Citing concerns that fracking in their county could ruin the water supply, officials in Miami-Dade County, Florida, have formally proposed banning the natural gas extraction method outright.

A county commission will debate the measure Tuesday during a public meeting. The potential ban comes just months after the state Senate failed to pass legislation that would have prohibited local governments from regulating fracking on their own.

“This is about our water supply,” Daniella Levine Cava, a commissioner and the sponsor of the ordinance, told the Miami New Times. “In this kind of acid fracking, the chemicals are potentially very dangerous and not disclosed. The risk of them entering into our water supply through our porous limestone substrate is too high.”
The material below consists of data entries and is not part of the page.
theorem corollary11p7:
  fixes n :: nat
  shows "\<exists>H. subgroup H word_perm_group \<and> H \<subseteq> G_group_carrier \<and>
           word_perm_group\<lparr>carrier := H\<rparr> \<cong> Zn_group n"
proof -
  have "group (Zn_group n)"
    by (simp add: Zn_group_def)
  then interpret group_hom "Zn_group n" P "embed_Zn n"
    by (simp add: group_hom_def group_hom_axioms_def group_word_perm_group embed_Zn_hom)
  show ?thesis
    using img_is_subgroup iso_image[OF inj_on_embed_Zn] embed_Zn_in_G by blast
qed

end
lemma sep_mod_clique_card_le:
  fixes g :: "'a \<Rightarrow> int"
  assumes "finite S" "0 < q" "q \<le> p"
    and sep: "\<And>i j. i \<in> S \<Longrightarrow> j \<in> S \<Longrightarrow> i \<noteq> j \<Longrightarrow> sep_mod p q (g i) (g j)"
  shows "int (card S) * q \<le> p"
proof -
  define f where "f = (\<lambda>(i, j). (g i + j) mod p)"
  have "inj_on f (S \<times> {0..<q})"
  proof (rule inj_onI, clarify)
    fix i j i' j'
    assume ij: "i \<in> S" "j \<in> {0..<q}" "i' \<in> S" "j' \<in> {0..<q}" and "f (i, j) = f (i', j')"
    then have "(g i + j - j) mod p = (g i' + j' - j) mod p"
      unfolding f_def by (intro mod_diff_cong) simp_all
    then have "g i mod p = (g i' + (j' - j)) mod p"
      by (simp add: algebra_simps)
    then have "(g i - g i') mod p = (g i' + (j' - j) - g i') mod p"
      by (rule mod_diff_cong) simp
    then have "sep_mod p q (g i) (g i') \<longleftrightarrow> sep_mod p q (j' - j) 0"
      by (simp add: sep_mod_def)
    moreover have "\<not> sep_mod p q (j' - j) 0"
      using ij assms(2,3) by (subst sep_mod_iff_abs) auto
    ultimately have "i = i'"
      using sep ij by blast
    moreover from this have "p dvd j' - j"
      using \<open>g i mod p = _\<close> by (simp add: mod_eq_dvd_iff dvd_diff_commute)
    then have "j = j'"
      using dvd_imp_le_int[of "j' - j" p] ij assms(3) by (cases "j' = j") (auto split: if_split_asm)
    ultimately show "i = i' \<and> j = j'" ..
  qed
  moreover have "f ` (S \<times> {0..<q}) \<subseteq> {0..<p}"
    using assms(2,3) unfolding f_def by auto
  ultimately have "card (S \<times> {0..<q}) \<le> card {0..<p}"
    by (intro card_inj_on_le) auto
  then have "int (card S * nat q) \<le> int (nat p)"
    by (simp only: card_cartesian_product card_atLeastLessThan_int of_nat_le_iff) simp
  then show ?thesis
    using assms(2,3) by simp
qed

lemma ball_K_verts:
  "(\<forall>v\<in>K_verts n. P v) \<longleftrightarrow> P VA \<and> P VB \<and> (\<forall>i\<in>{1..n - 1}. P (VV i))"
  unfolding K_verts_def by auto

lemma K_pq_coloring_iff:
  assumes "0 < q" "2 \<le> n"
  shows "pq_coloring p q (K_verts n) (K_adj n) c \<longleftrightarrow>
    (\<forall>v\<in>K_verts n. 0 \<le> c v \<and> c v < int p) \<and>
    (\<forall>i\<in>{1..n - 2}. sep_mod (int p) (int q) (c VA) (c (VV i))) \<and>
    sep_mod (int p) (int q) (c VB) (c (VV (n - 1))) \<and>
    (\<forall>i\<in>{1..n - 1}. \<forall>j\<in>{1..n - 1}. i \<noteq> j \<longrightarrow> sep_mod (int p) (int q) (c (VV i)) (c (VV j)))"
proof -
  let ?sep = "\<lambda>u v. sep_mod (int p) (int q) (c u) (c v)"
  have "(\<forall>u\<in>K_verts n. \<forall>v\<in>K_verts n. K_adj n u v \<longrightarrow> ?sep u v) \<longleftrightarrow>
        (\<forall>u\<in>K_verts n. \<forall>v\<in>K_verts n. K_adj0 n u v \<longrightarrow> ?sep u v)"
    using sep_mod_commute[of "int q"] assms(1) unfolding K_adj_def by (metis of_nat_0_less_iff)
  also have "\<dots> \<longleftrightarrow>
    (\<forall>i\<in>{1..n - 2}. ?sep VA (VV i)) \<and> ?sep VB (VV (n - 1)) \<and>
    (\<forall>i\<in>{1..n - 1}. \<forall>j\<in>{1..n - 1}. i \<noteq> j \<longrightarrow> ?sep (VV i) (VV j))"
    using assms(2) by (auto simp: ball_K_verts)
  finally show ?thesis
    unfolding pq_coloring_iff_sep_mod[OF assms(1)] by blast
qed

lemma K_pq_coloring_VA_neq_VB:
  assumes "1 \<le> k" "2 \<le> n" and c: "pq_coloring (k * n - 1) k (K_verts n) (K_adj n) c"
  shows "c VA \<noteq> c VB"
proof
  assume same: "c VA = c VB"
  let ?p = "int (k * n - 1)"
  have p_eq: "?p = int k * int n - 1"
    using assms(1,2) by (simp add: of_nat_diff)
  have "0 < k"
    using assms(1) by simp
  note edges = c[unfolded K_pq_coloring_iff[OF \<open>0 < k\<close> assms(2)]]
  define g where "g i = c (if i = 0 then VA else VV i)" for i
  have sep_g0: "sep_mod ?p (int k) (g 0) (g j)" if "j \<in> {1..n - 1}" for j
    using edges same that unfolding g_def by (cases "j = n - 1") auto
  have "sep_mod ?p (int k) (g i) (g j)" if "i \<in> {0..<n}" "j \<in> {0..<n}" "i \<noteq> j" for i j
  proof (cases "i = 0 \<or> j = 0")
    case True
    then show ?thesis
      using sep_g0[of i] sep_g0[of j] sep_mod_commute[of "int k"] \<open>0 < k\<close> that by auto
  next
    case False
    then show ?thesis
      using edges that unfolding g_def by auto
  qed
  moreover have "int k \<le> ?p"
    using assms(1,2) p_eq by (simp add: nat_mult_le_cancel1)
  ultimately have "int (card {0..<n}) * int k \<le> ?p"
    using \<open>0 < k\<close> by (intro sep_mod_clique_card_le) auto
  then show False
    using p_eq by (simp add: algebra_simps)
qed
Fracking is particularly controversial in Miami-Dade County because the whole place sits on top of the Biscayne Aquifer, which supplies water to a large number of Floridians. If that water supply were polluted by any source, scientists have said, then it is likely that the aquifer would remain polluted forever. Fracking in the county would require penetrating that aquifer. If something went wrong — the chemicals injected into the ground are “trade secrets” and undisclosed by the companies — then that water supply would be at risk.

Fracking became formally legal in Florida earlier this year. Much of the state sits atop fragile aquifers and the state has a sponge-like geology so residents have been quick to voice concerns that the worst case scenario could lead to contaminated water sources. There are at least 57 communities in Florida that have passed resolutions banning the gas extraction method in their towns and cities.

Nationally, Ohio, Texas and Oklahoma are the only states to have made it illegal for local governments and communities to ban fracking.

The Environmental Protection Agency found last year that fracking doesn't pose a significant threat to drinking water — and has been criticized heavily for those findings. Those critiques have come even from members of the EPA's Science Advisory Board, which said in January that the prior EPA conclusions about the impact of fracking on drinking water were not supported by the data that they analyzed.